Postoperative management
Antibiotics were administered to all the patients to prevent infection. The drainage tubes were pulled out 24–48 h after the operation depending on the drainage flow, and the patients were encouraged to wear neck brackets and to get out of bed. With their necks protected and supported by a neck bracket, the patients resumed active neck flexion and extension 2 weeks after the operation, and they started exercising the posterior neck muscles.
Follow-up and evaluation index
All the patients were followed up for 24–72 months, and the mean follow-up period was 39.68 ± 14.78 months. All the patients were reexamined at 3 and 6 months after the operation and at the last follow-up appointment. Routine X-ray, CT, or MRI examination was performed. The Japanese Orthopaedic Association (JOA) score (17-point method) [13] was used to evaluate the neurological status of patients before the operation, at 3 months after the operation, and at the last follow-up assessment. The improvement rate of JOA score at the last follow-up was also calculated. The Hirabayashi method was used to calculate the improvement rate of JOA score. The formula is as follows:\(({\text{postoperative JOA score}} - {\text{preoperative JOA score}})/(17 - {\text{preoperative JOA score}}) \times 100\%\) . The percentage of spinal canal occupation by ossification block was determined by selecting the axial CT section of the highest point of ossification block, measuring the thickness of the ossification block and the anteroposterior diameter of the spinal canal, and calculating the percentage (Fig. 1). The C2–C7 Cobb angle was determined using the standard lateral X-ray film of the cervical spine. It is the angle between the extension line of the lower edge of the C2 vertebra and the extension line of the lower edge of the C7 vertebra. The front convex angle is expressed as a positive value and the back convex angle as a negative value (Fig. 1). Two independent clinical research assistants, who were not involved with the study and blinded to all clinical information, performed radiological measurements. Radiological parameters were measured twice at 1-week intervals, and the average values of both observers were used in this study. In the study, we investigated the reliability of the measurement techniques and found good to excellent intra- and inter-observer agreement for each parameter (Kappa > 0.75). The postoperative complications of the two groups were recorded.
Statistical methods
The SPSS (version 22.0) statistical software (SPSS company, USA) was used for statistical analysis. The chi square test was used for counting data (when the sample size is less than 40, Fisher test is used), and (\(\overline{x} \pm s\)) was used for measuring data. Comparison of basic data, the independent sample t-test was used for inter-group comparison. At each time point before and after the operation, the rank sum test was used for intra-group comparison and inter-group comparison. The test level α value was 0.05 for both sides, and a difference was considered statistically significant if P < 0.05.
Results
There were no significant differences in age, gender, disease course, percentage of vertebral canal occupation by ossification mass, distribution of decompression segments, and follow-up time between the two groups (Table 1). This means that the basic data of the two groups are comparable.

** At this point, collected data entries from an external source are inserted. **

(* Let $\beta_1,\dots,\beta_N>0$ and $u,v\in\mathbb R$ with $\beta_i+u>0$ and $\beta_i+v>0$ for all $i$. Then $\mathbb E^{\boldsymbol\beta,\boldsymbol\beta}_{\mathrm{LGRW}}\big[V(\mathbf L)\big]<\infty$, where $V(\mathbf L)=\big(\sum_{j=1}^Ne^{L_2(j)-L_1(j-1)}\big)^{-(u+v)}e^{-v(L_1(N)-L_2(N))}$.
   Context: Under $\mathbb P^{\boldsymbol\beta,\boldsymbol\beta}_{\mathrm{LGRW}}$, $\mathbf L_1=(L_1(j))_{0\le j\le N}$ and $\mathbf L_2=(L_2(j))_{0\le j\le N}$ are independent random walks with $L_1(0)=L_2(0)=0$ and independent increments $L_i(j)-L_i(j-1)\sim\log\Gamma^{-1}(\beta_j)$, i.e. with density $e^{-\beta_jy-e^{-y}}/\Gamma(\beta_j)$ on $\mathbb R$; $\mathbf L=(\mathbf L_1,\mathbf L_2)$. *)

theory Defs
  imports "HOL-Probability.Probability"
begin

definition lgi_density :: "real \<Rightarrow> real \<Rightarrow> real" where
  "lgi_density b y = exp (- b * y - exp (- y)) / Gamma b"

definition incr_law :: "nat \<Rightarrow> (nat \<Rightarrow> real) \<Rightarrow> (nat \<Rightarrow> real) measure" where
  "incr_law N \<beta> = PiM {1..N} (\<lambda>j. density lborel (\<lambda>y. ennreal (lgi_density (\<beta> j) y)))"

text \<open>P^{beta,beta}_LGRW, realised as the law of the pair of increment sequences
  of the two independent walks L_1, L_2.\<close>
definition LGRW :: "nat \<Rightarrow> (nat \<Rightarrow> real) \<Rightarrow> ((nat \<Rightarrow> real) \<times> (nat \<Rightarrow> real)) measure" where
  "LGRW N \<beta> = incr_law N \<beta> \<Otimes>\<^sub>M incr_law N \<beta>"

definition walk :: "(nat \<Rightarrow> real) \<Rightarrow> nat \<Rightarrow> real" where
  "walk x j = (\<Sum>i\<in>{1..j}. x i)"

definition V :: "nat \<Rightarrow> real \<Rightarrow> real \<Rightarrow> (nat \<Rightarrow> real) \<Rightarrow> (nat \<Rightarrow> real) \<Rightarrow> real" where
  "V N u v L1 L2 = (\<Sum>j\<in>{1..N}. exp (L2 j - L1 (j - 1))) powr (- (u + v))
                    * exp (- v * (L1 N - L2 N))"

end

theory Submission
  imports Defs "HOL-Real_Asymp.Real_Asymp"
begin
lemma renewal_sum_dbeta:
  assumes "0 \<le> l"
  shows "(\<Sum>z\<in>{0..l}. g (l - z) * dbeta P l z) =
    g l + (\<Sum>z1\<in>{1..l}. P l z1 * (\<Sum>w\<in>{0..l - z1}. g (l - z1 - w) * dbeta P (l - z1) w))"
proof -
  have shift: "(\<Sum>z\<in>{0..l}. g (l - z) * dbeta P (l - z1) (z - z1)) =
      (\<Sum>w\<in>{0..l - z1}. g (l - z1 - w) * dbeta P (l - z1) w)" if "1 \<le> z1" for z1
  proof -
    have "(\<Sum>z\<in>{0..l}. g (l - z) * dbeta P (l - z1) (z - z1)) =
        (\<Sum>w\<in>{0 - z1..l - z1}. g (l - z1 - w) * dbeta P (l - z1) w)"
      by (subst sum_int_atLeastAtMost_shift[symmetric]) (simp add: algebra_simps)
    also have "\<dots> = (\<Sum>w\<in>{0..l - z1}. g (l - z1 - w) * dbeta P (l - z1) w)"
      by (rule sum.mono_neutral_right) (use that in \<open>auto simp: dbeta_eq_0_neg\<close>)
    finally show ?thesis .
  qed
  have "(\<Sum>z\<in>{0..l}. g (l - z) * dbeta P l z) =
      (\<Sum>z\<in>{0..l}. g (l - z) * kdelta z) +
      (\<Sum>z1\<in>{1..l}. P l z1 * (\<Sum>z\<in>{0..l}. g (l - z) * dbeta P (l - z1) (z - z1)))"
    by (subst dbeta_renewal)
       (simp add: distrib_left sum.distrib sum_distrib_left sum.swap[of _ "{0..l}"] mult_ac)
  also have "(\<Sum>z\<in>{0..l}. g (l - z) * kdelta z) = (\<Sum>z\<in>{0..l}. if z = 0 then g l else 0)"
    by (rule sum.cong) (auto simp: kdelta_def)
  also have "\<dots> = g l"
    using assms by simp
  finally show ?thesis
    by (simp add: shift)
qed

lemma renewal_equation_solution:
  fixes q g :: "int \<Rightarrow> real"
  assumes q_neg: "\<And>l. l < 0 \<Longrightarrow> q l = 0"
    and renewal: "\<And>l. 0 \<le> l \<Longrightarrow> q l = g l + (\<Sum>z1\<in>{1..l}. P l z1 * q (l - z1))"
  shows "q l = (\<Sum>z\<in>{0..l}. g (l - z) * dbeta P l z)"
proof (induction l rule: measure_induct_rule[where f="\<lambda>l. nat (l + 1)"])
  case (less l)
  show ?case
  proof (cases "l < 0")
    case True
    then show ?thesis
      using q_neg by simp
  next
    case False
    have "q l = g l + (\<Sum>z1\<in>{1..l}. P l z1 * q (l - z1))"
      using False renewal by simp
    also have "\<dots> = g l + (\<Sum>z1\<in>{1..l}. P l z1 *
        (\<Sum>w\<in>{0..l - z1}. g (l - z1 - w) * dbeta P (l - z1) w))"
      using less by simp
    also have "\<dots> = (\<Sum>z\<in>{0..l}. g (l - z) * dbeta P l z)"
      using False by (simp add: renewal_sum_dbeta)
    finally show ?thesis .
  qed
qed

lemma renewal_equation_solution_infsum:
  fixes q g :: "int \<Rightarrow> real"
  assumes "\<And>l. l < 0 \<Longrightarrow> q l = 0" and g_neg: "\<And>l. l < 0 \<Longrightarrow> g l = 0"
    and "\<And>l. 0 \<le> l \<Longrightarrow> q l = g l + (\<Sum>z1\<in>{1..l}. P l z1 * q (l - z1))"
  shows "q l = (\<Sum>\<^sub>\<infinity>z\<in>(UNIV::int set). g (l - z) * dbeta P l z)"
proof -
  have "q l = (\<Sum>z\<in>{0..l}. g (l - z) * dbeta P l z)"
    by (rule renewal_equation_solution) (use assms in auto)
  also have "\<dots> = (\<Sum>\<^sub>\<infinity>z\<in>(UNIV::int set). g (l - z) * dbeta P l z)"
    by (rule infsum_eq_sum_finite_support[symmetric]) (auto simp: dbeta_eq_0_neg g_neg)
  finally show ?thesis .
qed

lemma dconv_pow_eq_sconv_pow:
  assumes P: "\<And>l z. 0 \<le> z \<Longrightarrow> z \<le> l \<Longrightarrow> P l z = u z" and u: "\<And>z. z \<le> 0 \<Longrightarrow> u z = 0"
    and "z \<le> l"
  shows "dconv_pow P j l z = sconv_pow u j z"
  using assms(3)
proof (induction j arbitrary: l z)
  case 0
  then show ?case
    by simp
next
  case (Suc j)
  have "dconv_pow P (Suc j) l z = (\<Sum>z1\<in>{1..z}. P l z1 * dconv_pow P j (l - z1) (z - z1))"
    unfolding dconv_pow_Suc_eq_sum
    by (rule sum.mono_neutral_right) (use Suc.prems in \<open>auto simp: dconv_pow_eq_0\<close>)
  also have "\<dots> = (\<Sum>z1\<in>{1..z}. u z1 * sconv_pow u j (z - z1))"
    by (rule sum.cong[OF refl]) (use Suc P in auto)
  finally show ?case
    by (simp only: sconv_pow_Suc_eq_sum[OF u])
qed

lemma dbeta_eq_sgamma:
  assumes "\<And>l z. 0 \<le> z \<Longrightarrow> z \<le> l \<Longrightarrow> P l z = u z" and "\<And>z. z \<le> 0 \<Longrightarrow> u z = 0"
    and "z \<le> l"
  shows "dbeta P l z = sgamma u z"
  unfolding dbeta_def sgamma_def
  by (rule sum.cong[OF refl]) (use assms in \<open>auto intro: dconv_pow_eq_sconv_pow\<close>)

end

lemma renewal_kernel_Peps_plus:
  assumes "\<And>l. Fe (z0 + \<zeta> l - \<xi> l) \<noteq> 0"
  shows "renewal_kernel (Peps_plus Fe \<xi> \<zeta> z0)"
proof
  fix l z
  assume "Peps_plus Fe \<xi> \<zeta> z0 l z \<noteq> 0"
  then show "1 \<le> z \<and> z \<le> l"
    using assms[of "nat l"] by (cases "z = 0") (auto simp: Peps_plus_def kdelta_def split: if_splits)
qed

lemma Peps_plus_lattice:
  fixes s \<sigma> :: real
  assumes lattice: "\<And>l. \<xi> l = \<xi> 0 + s * real l" and "0 \<le> z" "z \<le> l"
  defines "\<zeta> \<equiv> \<lambda>l. \<xi> 0 + \<sigma> + s * real l"
  shows "Peps_plus Fe \<xi> \<zeta> z0 l z = Peps_plus Fe \<xi> \<zeta> z0 z z"
proof -
  have offset: "z0 + \<zeta> (nat k) - \<xi> (nat (k - y)) = z0 + \<sigma> + s * of_int y"
    if "0 \<le> y" "y \<le> k" for y k
    unfolding \<zeta>_def using that lattice[of "nat k"] lattice[of "nat (k - y)"]
    by (simp add: algebra_simps)
  show ?thesis
    using assms(2,3) offset[of z l] offset[of z z] offset[of 0 l] offset[of 0 z]
    unfolding Peps_plus_def add_diff_eq[symmetric] by simp
qed

locale discrete_signal_plus_noise = prob_space M for M :: "'a measure" +
  fixes X \<epsilon> :: "'a \<Rightarrow> real" and \<xi> :: "nat \<Rightarrow> real" and z0 :: real
  assumes X_borel [measurable]: "X \<in> borel_measurable M"
    and \<epsilon>_borel [measurable]: "\<epsilon> \<in> borel_measurable M"
    and indep_X_\<epsilon>: "indep_var borel X borel \<epsilon>"
    and strict_mono_\<xi>: "strict_mono \<xi>"
    and X_in_range_\<xi>: "prob {\<omega> \<in> space M. X \<omega> \<in> range \<xi>} = 1"
    and distfun_\<epsilon>_z0: "distfun M \<epsilon> z0 = 0"
begin

abbreviation F\<^sub>\<epsilon> :: "real \<Rightarrow> real" where
  "F\<^sub>\<epsilon> \<equiv> distfun M \<epsilon>"

abbreviation F\<^sub>Y :: "real \<Rightarrow> real" where
  "F\<^sub>Y \<equiv> distfun M (\<lambda>\<omega>. X \<omega> + \<epsilon> \<omega>)"

abbreviation p\<^sub>X :: "int \<Rightarrow> real" where
  "p\<^sub>X l \<equiv> if 0 \<le> l then distatom M X (\<xi> (nat l)) else 0"

lemma AE_X_in_range_\<xi>: "AE \<omega> in M. X \<omega> \<in> range \<xi>"
  using AE_prob_1[OF X_in_range_\<xi>] by simp

lemma AE_\<epsilon>_greater_z0: "AE \<omega> in M. z0 < \<epsilon> \<omega>"
proof -
  have "\<P>(\<omega> in M. \<epsilon> \<omega> \<le> z0) = 0"
    using distfun_\<epsilon>_z0 distfun_eq_measure[OF \<epsilon>_borel] by simp
  then show ?thesis
    by (subst (asm) prob_Collect_eq_0) auto
qed

lemma distfun_X_eq_sum:
  assumes "finite {k. \<xi> k \<le> x}"
  shows "distfun M X x = (\<Sum>k | \<xi> k \<le> x. distatom M X (\<xi> k))"
  unfolding distfun_eq_measure[OF X_borel] distatom_eq_measure[OF X_borel]
  by (rule prob_sum)
     (use assms AE_X_in_range_\<xi> in \<open>auto simp: strict_mono_eq[OF strict_mono_\<xi>]\<close>)

lemma distfun_Y_eq_sum:
  assumes "t \<le> z0 + \<xi> (Suc L)"
  shows "F\<^sub>Y t = (\<Sum>k\<le>L. distatom M X (\<xi> k) * F\<^sub>\<epsilon> (t - \<xi> k))"
proof -
  have "\<P>(\<omega> in M. X \<omega> + \<epsilon> \<omega> \<le> t) = (\<Sum>k\<le>L. \<P>(\<omega> in M. X \<omega> = \<xi> k \<and> \<epsilon> \<omega> \<le> t - \<xi> k))"
  proof (rule prob_sum)
    have k_le: "k \<le> L" if "X \<omega> + \<epsilon> \<omega> \<le> t" "X \<omega> = \<xi> k" "z0 < \<epsilon> \<omega>" for \<omega> k
    proof (rule ccontr)
      assume "\<not> k \<le> L"
      then have "\<xi> (Suc L) \<le> \<xi> k"
        using strict_mono_less_eq[OF strict_mono_\<xi>] by simp
      then show False
        using that assms by linarith
    qed
    show "AE \<omega> in M. (\<forall>k\<in>{..L}. X \<omega> = \<xi> k \<and> \<epsilon> \<omega> \<le> t - \<xi> k \<longrightarrow> X \<omega> + \<epsilon> \<omega> \<le> t) \<and>
        (X \<omega> + \<epsilon> \<omega> \<le> t \<longrightarrow> (\<exists>!k. k \<in> {..L} \<and> X \<omega> = \<xi> k \<and> \<epsilon> \<omega> \<le> t - \<xi> k))"
      using AE_X_in_range_\<xi> AE_\<epsilon>_greater_z0
      by eventually_elim (auto simp: strict_mono_eq[OF strict_mono_\<xi>] dest: k_le)
  qed auto
  also have "\<dots> = (\<Sum>k\<le>L. \<P>(\<omega> in M. X \<omega> = \<xi> k) * \<P>(\<omega> in M. \<epsilon> \<omega> \<le> t - \<xi> k))"
    using prob_indep_var_conj[OF indep_X_\<epsilon>, of "{\<xi> _}" "{.. t - \<xi> _}"] by simp
  finally show ?thesis
    by (simp add: distfun_eq_measure distatom_eq_measure)
qed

In the K ( +) group, no significant differences were observed in preoperative JOA score and preoperative C2–C7 Cobb angle between the PFF and PNF groups (P > 0.05). At the last follow-up, the mean JOA scores of the PFF and PNF groups were 11.960 ± 2.111 and 13.526 ± 2.366, respectively, and the difference was statistically significant (P < 0.05). The improvement rate of nerve function was 43.646 ± 16.961% in the PFF group and 63.492 ± 21.185% in the PNF group, and the difference was statistically significant (P < 0.05). At the last follow-up, there was no significant difference in the C2–C7 Cobb angle between the two groups (P > 0.05). The incidence of postoperative axial pain was 32% (8/25) in the PFF group and 5.26% (1/19) in the PNF group, and the difference between the two groups was statistically significant (P < 0.05). There was no significant difference in the incidence of C5 nerve root paralysis (P > 0.05) (Table 2).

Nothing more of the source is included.